:: Data for review ::

(* (i) If $\omega$ is a standard Gaussian random variable, then $\mathbb P(|\omega|\ge x)\le \frac{2\exp(-x^2/2)}{\sqrt{2\pi}\,x}$ for all $x>0$. (ii) Let $0\le k<j$ be integers and let $\xi=(\xi_0,\dots,\xi_{2^j-1})$ be a vector of independent standard normal random variables. Let $\xi^*=(\xi^*_1,\dots,\xi^*_{2^j})$ be the non-increasing rearrangement of $(|\xi_0|,\dots,|\xi_{2^j-1}|)$. Then for every $K\ge1$, $$\mathbb P\big(\xi^*_{2^k}\ge K\sqrt{j-k}\big)\le\big(2e^{-K^2/2}\big)^{(j-k)2^k}\cdot e^{2^k}.$$ *)

theory Defs
  imports "HOL-Probability.Probability"
begin

text \<open>Non-increasing rearrangement of the finite family (a 0, ..., a (n-1)),
  indexed from 1: nonincr_rearr a n m is the m-th largest entry (with multiplicity),
  for 1 <= m <= n.\<close>
definition nonincr_rearr :: "(nat \<Rightarrow> real) \<Rightarrow> nat \<Rightarrow> nat \<Rightarrow> real" where
  "nonincr_rearr a n m = rev (sort (map a [0..<n])) ! (m - 1)"

end

theory Submission
  imports Defs "HOL-Real_Asymp.Real_Asymp"
begin

text \<open>(i) is the Mills-ratio bound: on \<open>[x, \<infinity>)\<close> the density is dominated by
  \<open>y \<phi>(y) / x\<close>, whose integral is \<open>\<phi>(x) / x\<close> because \<open>-\<phi>\<close> is an antiderivative of
  \<open>y \<phi>(y)\<close>; symmetry doubles it.
  (ii) If the \<open>2^k\<close>-th largest of the \<open>|\<xi>\<^sub>i|\<close> is at least \<open>T = K \<surd>(j - k)\<close>, then some
  \<open>2^k\<close> of the independent events \<open>|\<xi>\<^sub>i| \<ge> T\<close> occur simultaneously. A union bound over
  the \<open>(2^j choose 2^k) \<le> (e 2^(j-k))^(2^k)\<close> choices of these events, each choice having
  probability at most \<open>exp (-T\<^sup>2/2)^(2^k)\<close> by (i) (as \<open>T \<ge> 1\<close>), gives the bound.\<close>

lemma std_normal_density_minus [simp]: "std_normal_density (- x) = std_normal_density x"
  by (simp add: std_normal_density_def)

lemma nn_integral_lborel_reflect:
  fixes f :: "real \<Rightarrow> ennreal"
  assumes "f \<in> borel_measurable borel"
  shows "(\<integral>\<^sup>+x. f (- x) \<partial>lborel) = (\<integral>\<^sup>+x. f x \<partial>lborel)"
  using nn_integral_real_affine[OF assms, of "-1" 0] by simp

lemma nn_integral_std_normal_upper_tail_le:
  fixes x :: real
  assumes "x > 0"
  shows "(\<integral>\<^sup>+y. ennreal (std_normal_density y) * indicator {x..} y \<partial>lborel)
    \<le> std_normal_density x / x"
proof -
  have "(\<integral>\<^sup>+y. ennreal (std_normal_density y) * indicator {x..} y \<partial>lborel)
      \<le> (\<integral>\<^sup>+y. ennreal (y * std_normal_density y / x) * indicator {x..} y \<partial>lborel)"
  proof (intro nn_integral_mono)
    fix y :: real
    have "x \<le> y \<Longrightarrow> std_normal_density y \<le> y * std_normal_density y / x"
      using assms by (simp add: field_simps mult_right_mono)
    then show "ennreal (std_normal_density y) * indicator {x..} y
        \<le> ennreal (y * std_normal_density y / x) * indicator {x..} y"
      by (auto simp: indicator_def intro: ennreal_leI)
  qed
  also have "\<dots> = ennreal (0 - (- std_normal_density x / x))"
  proof (rule nn_integral_FTC_atLeast[where F = "\<lambda>y. - std_normal_density y / x"])
    show "((\<lambda>y. - std_normal_density y / x) has_real_derivative y * std_normal_density y / x) (at y)"
      if "x \<le> y" for y
      unfolding std_normal_density_def using assms
      by (auto intro!: derivative_eq_intros simp: field_simps power2_eq_square)
    have "(std_normal_density \<longlongrightarrow> 0) at_top"
      unfolding std_normal_density_def by real_asymp
    then show "((\<lambda>y. - std_normal_density y / x) \<longlongrightarrow> 0) at_top"
      using assms by (auto intro!: tendsto_eq_intros)
  qed (use assms in auto)
  finally show ?thesis by simp
qed

lemma nn_integral_std_normal_abs_tail_le:
  fixes x :: real
  assumes "x > 0"
  shows "(\<integral>\<^sup>+y. ennreal (std_normal_density y) * indicator {y. x \<le> \<bar>y\<bar>} y \<partial>lborel)
    \<le> 2 * exp (- x\<^sup>2 / 2) / (sqrt (2 * pi) * x)"
proof -
  let ?upper = "\<lambda>y. ennreal (std_normal_density y) * indicator {x..} y"
  have "ennreal (std_normal_density y) * indicator {y. x \<le> \<bar>y\<bar>} y = ?upper y + ?upper (- y)" for y
    using assms by (auto simp: indicator_def)
  then have "(\<integral>\<^sup>+y. ennreal (std_normal_density y) * indicator {y. x \<le> \<bar>y\<bar>} y \<partial>lborel)
      = (\<integral>\<^sup>+y. ?upper y \<partial>lborel) + (\<integral>\<^sup>+y. ?upper (- y) \<partial>lborel)"
    by (simp add: nn_integral_add)
  also have "\<dots> = 2 * (\<integral>\<^sup>+y. ?upper y \<partial>lborel)"
    by (subst nn_integral_lborel_reflect) (auto simp: mult_2)
  also have "\<dots> \<le> 2 * ennreal (std_normal_density x / x)"
    using nn_integral_std_normal_upper_tail_le[OF assms] by (intro mult_left_mono) auto
  also have "\<dots> = ennreal (2 * (std_normal_density x / x))"
    by (subst ennreal_mult') auto
  also have "\<dots> = 2 * exp (- x\<^sup>2 / 2) / (sqrt (2 * pi) * x)"
    by (simp add: std_normal_density_def)
  finally show ?thesis .
qed

lemma std_normal_abs_tail_le:
  fixes x :: real
  assumes "distributed M lborel \<omega> (\<lambda>y. ennreal (std_normal_density y))" and "x > 0"
  shows "measure M {s \<in> space M. \<bar>\<omega> s\<bar> \<ge> x} \<le> 2 * exp (- x\<^sup>2 / 2) / (sqrt (2 * pi) * x)"
proof -
  have "{s \<in> space M. \<bar>\<omega> s\<bar> \<ge> x} = \<omega> -` {y. x \<le> \<bar>y\<bar>} \<inter> space M"
    by auto
  then have "emeasure M {s \<in> space M. \<bar>\<omega> s\<bar> \<ge> x}
      = (\<integral>\<^sup>+y. ennreal (std_normal_density y) * indicator {y. x \<le> \<bar>y\<bar>} y \<partial>lborel)"
    using distributed_emeasure[OF assms(1), of "{y. x \<le> \<bar>y\<bar>}"] by simp
  then show ?thesis
    unfolding measure_def using assms(2) nn_integral_std_normal_abs_tail_le[of x]
    by (intro enn2real_leI) auto
qed

lemma std_normal_abs_tail_le_exp:
  fixes x :: real
  assumes "distributed M lborel \<omega> (\<lambda>y. ennreal (std_normal_density y))" and "x \<ge> 1"
  shows "measure M {s \<in> space M. \<bar>\<omega> s\<bar> \<ge> x} \<le> exp (- x\<^sup>2 / 2)"
proof -
  have "2 * 1 \<le> sqrt (2 * pi) * x"
    using pi_gt3 assms(2) by (intro mult_mono) (auto simp: real_le_rsqrt)
  then have "2 * exp (- x\<^sup>2 / 2) / (sqrt (2 * pi) * x) \<le> exp (- x\<^sup>2 / 2)"
    by (simp add: field_simps)
  moreover have "measure M {s \<in> space M. \<bar>\<omega> s\<bar> \<ge> x} \<le> 2 * exp (- x\<^sup>2 / 2) / (sqrt (2 * pi) * x)"
    using std_normal_abs_tail_le[OF assms(1)] assms(2) by simp
  ultimately show ?thesis
    by linarith
qed

lemma le_nonincr_rearr_imp_card_ge:
  assumes "1 \<le> m" "m \<le> n" "T \<le> nonincr_rearr a n m"
  shows "m \<le> card {i \<in> {..<n}. T \<le> a i}"
proof -
  define xs where "xs = sort (map a [0..<n])"
  have len: "length xs = n"
    by (simp add: xs_def)
  have "T \<le> xs ! (n - 1 - i)" if "i < m" for i
  proof -
    have "xs ! (n - m) \<le> xs ! (n - 1 - i)"
      using that assms len by (intro sorted_nth_mono) (auto simp: xs_def)
    moreover have "T \<le> xs ! (n - m)"
      using assms len by (simp add: nonincr_rearr_def xs_def rev_nth)
    ultimately show ?thesis by linarith
  qed
  then have "(\<lambda>i. n - 1 - i) ` {..<m} \<subseteq> {i. i < length xs \<and> T \<le> xs ! i}"
    using assms len by auto
  moreover have "inj_on (\<lambda>i. n - 1 - i) {..<m}"
    using assms by (auto simp: inj_on_def)
  ultimately have "m \<le> card {i. i < length xs \<and> T \<le> xs ! i}"
    using card_mono[of _ "(\<lambda>i. n - 1 - i) ` {..<m}"] by (simp add: card_image)
  also have "\<dots> = length (filter (\<lambda>v. T \<le> v) xs)"
    by (simp add: length_filter_conv_card)
  also have "\<dots> = card {i \<in> {..<n}. T \<le> a i}"
    by (simp add: xs_def filter_sort length_filter_conv_card) (intro arg_cong[where f=card]; auto)
  finally show ?thesis .
qed

lemma power_div_fact_le_exp:
  fixes x :: real
  assumes "0 \<le> x"
  shows "x ^ n / fact n \<le> exp x"
proof -
  have "(\<lambda>k. x ^ k /\<^sub>R fact k) sums exp x"
    by (rule exp_converges)
  moreover have "(\<Sum>k\<in>{n}. x ^ k /\<^sub>R fact k) \<le> (\<Sum>k. x ^ k /\<^sub>R fact k)"
    using calculation assms by (intro sum_le_suminf) (auto simp: sums_iff)
  ultimately show ?thesis
    by (simp add: sums_iff divide_inverse mult.commute)
qed

lemma binomial_le_exp_ratio_pow: "real (n choose m) \<le> (exp 1 * real n / real m) ^ m"
proof (cases "m = 0")
  case False
  have "real (n choose m) * fact m \<le> real n ^ m"
    by (metis binomial_fact_pow of_nat_fact of_nat_le_iff of_nat_mult of_nat_power)
  then have "real (n choose m) \<le> real n ^ m / fact m"
    by (simp add: field_simps)
  also have "\<dots> = (real n / real m) ^ m * (real m ^ m / fact m)"
    using False by (simp add: power_divide)
  also have "\<dots> \<le> (real n / real m) ^ m * exp (real m)"
    by (intro mult_left_mono power_div_fact_le_exp) auto
  also have "\<dots> = (exp 1 * real n / real m) ^ m"
    by (simp add: power_divide power_mult_distrib exp_of_nat_mult[symmetric])
  finally show ?thesis .
qed simp

lemma Collect_card_ge_subset_UN_INT:
  assumes "finite I"
  shows "{s. m \<le> card {i \<in> I. s \<in> A i}} \<subseteq> (\<Union>S\<in>{S. S \<subseteq> I \<and> card S = m}. \<Inter>i\<in>S. A i)"
proof
  fix s assume "s \<in> {s. m \<le> card {i \<in> I. s \<in> A i}}"
  then obtain S where "S \<subseteq> {i \<in> I. s \<in> A i}" "card S = m"
    by (auto elim: obtain_subset_with_card_n)
  then show "s \<in> (\<Union>S\<in>{S. S \<subseteq> I \<and> card S = m}. \<Inter>i\<in>S. A i)"
    by blast
qed

lemma (in prob_space) prob_card_indep_events_ge_le:
  assumes indep: "indep_events A I" and "finite I" and "0 < m"
    and E: "E \<subseteq> {s. m \<le> card {i \<in> I. s \<in> A i}}"
    and q: "\<And>i. i \<in> I \<Longrightarrow> prob (A i) \<le> q"
  shows "prob E \<le> real (card I choose m) * q ^ m"
proof -
  define Ss where "Ss = {S. S \<subseteq> I \<and> card S = m}"
  have "finite Ss"
    using \<open>finite I\<close> by (auto simp: Ss_def intro: finite_subset[of _ "Pow I"])
  have S: "S \<subseteq> I" "finite S" "S \<noteq> {}" "card S = m" if "S \<in> Ss" for S
    using that \<open>finite I\<close> \<open>0 < m\<close> by (auto simp: Ss_def intro: finite_subset)
  have A_events: "A i \<in> events" if "i \<in> I" for i
    using indep that by (auto simp: indep_events_def)
  have INT_events: "(\<Inter>i\<in>S. A i) \<in> events" if "S \<in> Ss" for S
    using S[OF that] A_events by (intro sets.finite_INT) auto
  have INT_le: "prob (\<Inter>i\<in>S. A i) \<le> q ^ m" if "S \<in> Ss" for S
  proof -
    have "prob (\<Inter>i\<in>S. A i) = (\<Prod>i\<in>S. prob (A i))"
      using indep S[OF that] by (auto simp: indep_events_def)
    also have "\<dots> \<le> (\<Prod>i\<in>S. q)"
      using S[OF that] q by (intro prod_mono) auto
    finally show ?thesis
      using S[OF that] by simp
  qed
  have "E \<subseteq> (\<Union>S\<in>Ss. \<Inter>i\<in>S. A i)"
    using subset_trans[OF E Collect_card_ge_subset_UN_INT[OF \<open>finite I\<close>]] by (simp add: Ss_def)
  then have "prob E \<le> prob (\<Union>S\<in>Ss. \<Inter>i\<in>S. A i)"
    using \<open>finite Ss\<close> INT_events by (intro finite_measure_mono) auto
  also have "\<dots> \<le> (\<Sum>S\<in>Ss. prob (\<Inter>i\<in>S. A i))"
    using \<open>finite Ss\<close> INT_events by (intro measure_subadditive_finite) auto
  also have "\<dots> \<le> (\<Sum>S\<in>Ss. q ^ m)"
    using INT_le by (intro sum_mono)
  also have "\<dots> = real (card I choose m) * q ^ m"
    using n_subsets[OF \<open>finite I\<close>] by (simp add: Ss_def)
  finally show ?thesis .
qed

lemma (in prob_space) prob_nonincr_rearr_abs_std_normal_ge_le:
  fixes \<xi> :: "nat \<Rightarrow> 'a \<Rightarrow> real"
  assumes "k < j" and indep: "indep_vars (\<lambda>_. borel) \<xi> {..<2^j}"
    and gauss: "\<And>i. i < 2^j \<Longrightarrow> distributed M lborel (\<xi> i) (\<lambda>x. ennreal (std_normal_density x))"
    and "K \<ge> 1"
  shows "prob {s \<in> space M. nonincr_rearr (\<lambda>i. \<bar>\<xi> i s\<bar>) (2^j) (2^k) \<ge> K * sqrt (real j - real k)}
    \<le> (2 * exp (- K\<^sup>2 / 2)) ^ ((j - k) * 2^k) * exp (2^k)"
proof -
  define d where "d = j - k"
  define m :: nat where "m = 2^k"
  define T where "T = K * sqrt (real d)"
  have j_k: "real j - real k = real d" and n: "2^j = 2^d * m"
    using \<open>k < j\<close> by (simp_all add: d_def m_def flip: power_add)
  have "0 < m" "m \<le> 2^j"
    using \<open>k < j\<close> by (auto simp: m_def)
  have "1 \<le> sqrt (real d)"
    using \<open>k < j\<close> by (simp add: d_def)
  then have "1 \<le> T"
    using \<open>K \<ge> 1\<close> unfolding T_def by (metis mult_mono' mult_1 order_trans zero_le_one)
  define A where "A i = {s \<in> space M. T \<le> \<bar>\<xi> i s\<bar>}" for i
  have "indep_events A {..<2^j}"
    unfolding A_def by (intro indep_eventsI_indep_vars[OF indep]) measurable
  moreover have "prob (A i) \<le> exp (- T\<^sup>2 / 2)" if "i < 2^j" for i
    unfolding A_def using std_normal_abs_tail_le_exp[OF gauss[OF that] \<open>1 \<le> T\<close>] by simp
  moreover have "{s \<in> space M. nonincr_rearr (\<lambda>i. \<bar>\<xi> i s\<bar>) (2^j) (2^k) \<ge> K * sqrt (real j - real k)}
      \<subseteq> {s. m \<le> card {i \<in> {..<2^j}. s \<in> A i}}"
    using le_nonincr_rearr_imp_card_ge[of m "2^j" T] \<open>0 < m\<close> \<open>m \<le> 2^j\<close>
    by (auto simp: A_def T_def j_k m_def)
  ultimately have "prob {s \<in> space M. nonincr_rearr (\<lambda>i. \<bar>\<xi> i s\<bar>) (2^j) (2^k) \<ge> K * sqrt (real j - real k)}
      \<le> real (2^j choose m) * exp (- T\<^sup>2 / 2) ^ m"
    using \<open>0 < m\<close> by (subst card_lessThan[symmetric], intro prob_card_indep_events_ge_le) auto
  also have "\<dots> \<le> (exp 1 * 2^d) ^ m * exp (- T\<^sup>2 / 2) ^ m"
    using binomial_le_exp_ratio_pow[of "2^j" m] \<open>0 < m\<close> by (intro mult_right_mono) (auto simp: n)
  also have "\<dots> = (2 * exp (- K\<^sup>2 / 2)) ^ (d * m) * exp m"
  proof -
    have "exp (- T\<^sup>2 / 2) = exp (- K\<^sup>2 / 2) ^ d"
      by (simp add: T_def power_mult_distrib exp_of_nat_mult[symmetric] field_simps)
    then show ?thesis
      by (simp add: power_mult_distrib power_mult exp_of_nat_mult[symmetric] mult.commute)
  qed
  finally show ?thesis
    by (simp add: d_def m_def)
qed

theorem lemma4p3:
  fixes M :: "'a measure"
  assumes "prob_space M"
  shows
  "(\<forall>\<omega> :: 'a \<Rightarrow> real.
       distributed M lborel \<omega> (\<lambda>x. ennreal (std_normal_density x)) \<longrightarrow>
       (\<forall>x::real. x > 0 \<longrightarrow>
          measure M {s \<in> space M. \<bar>\<omega> s\<bar> \<ge> x}
            \<le> 2 * exp (- x\<^sup>2 / 2) / (sqrt (2 * pi) * x)))
   \<and>
   (\<forall>(k::nat) (j::nat) (\<xi> :: nat \<Rightarrow> 'a \<Rightarrow> real) (K::real).
       k < j \<longrightarrow>
       prob_space.indep_vars M (\<lambda>_. borel) \<xi> {..<2^j} \<longrightarrow>
       (\<forall>i<2^j. distributed M lborel (\<xi> i) (\<lambda>x. ennreal (std_normal_density x))) \<longrightarrow>
       K \<ge> 1 \<longrightarrow>
       measure M {s \<in> space M.
           nonincr_rearr (\<lambda>i. \<bar>\<xi> i s\<bar>) (2^j) (2^k) \<ge> K * sqrt (real j - real k)}
         \<le> (2 * exp (- K\<^sup>2 / 2)) ^ ((j - k) * 2^k) * exp (2^k))"
proof -
  interpret prob_space M
    by fact
  show ?thesis
    by (intro conjI allI impI std_normal_abs_tail_le prob_nonincr_rearr_abs_std_normal_ge_le) auto
qed

end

:: Task requirements ::
For this exercise, output exactly the lines above from the line with "by (metis binomial_fact_pow" to the line with "by (intro mult_left_mono power_div_fact_le_exp)", counting both, and leave out the rest.

:: Output ::
    by (metis binomial_fact_pow of_nat_fact of_nat_le_iff of_nat_mult of_nat_power)
  then have "real (n choose m) \<le> real n ^ m / fact m"
    by (simp add: field_simps)
  also have "\<dots> = (real n / real m) ^ m * (real m ^ m / fact m)"
    using False by (simp add: power_divide)
  also have "\<dots> \<le> (real n / real m) ^ m * exp (real m)"
    by (intro mult_left_mono power_div_fact_le_exp) auto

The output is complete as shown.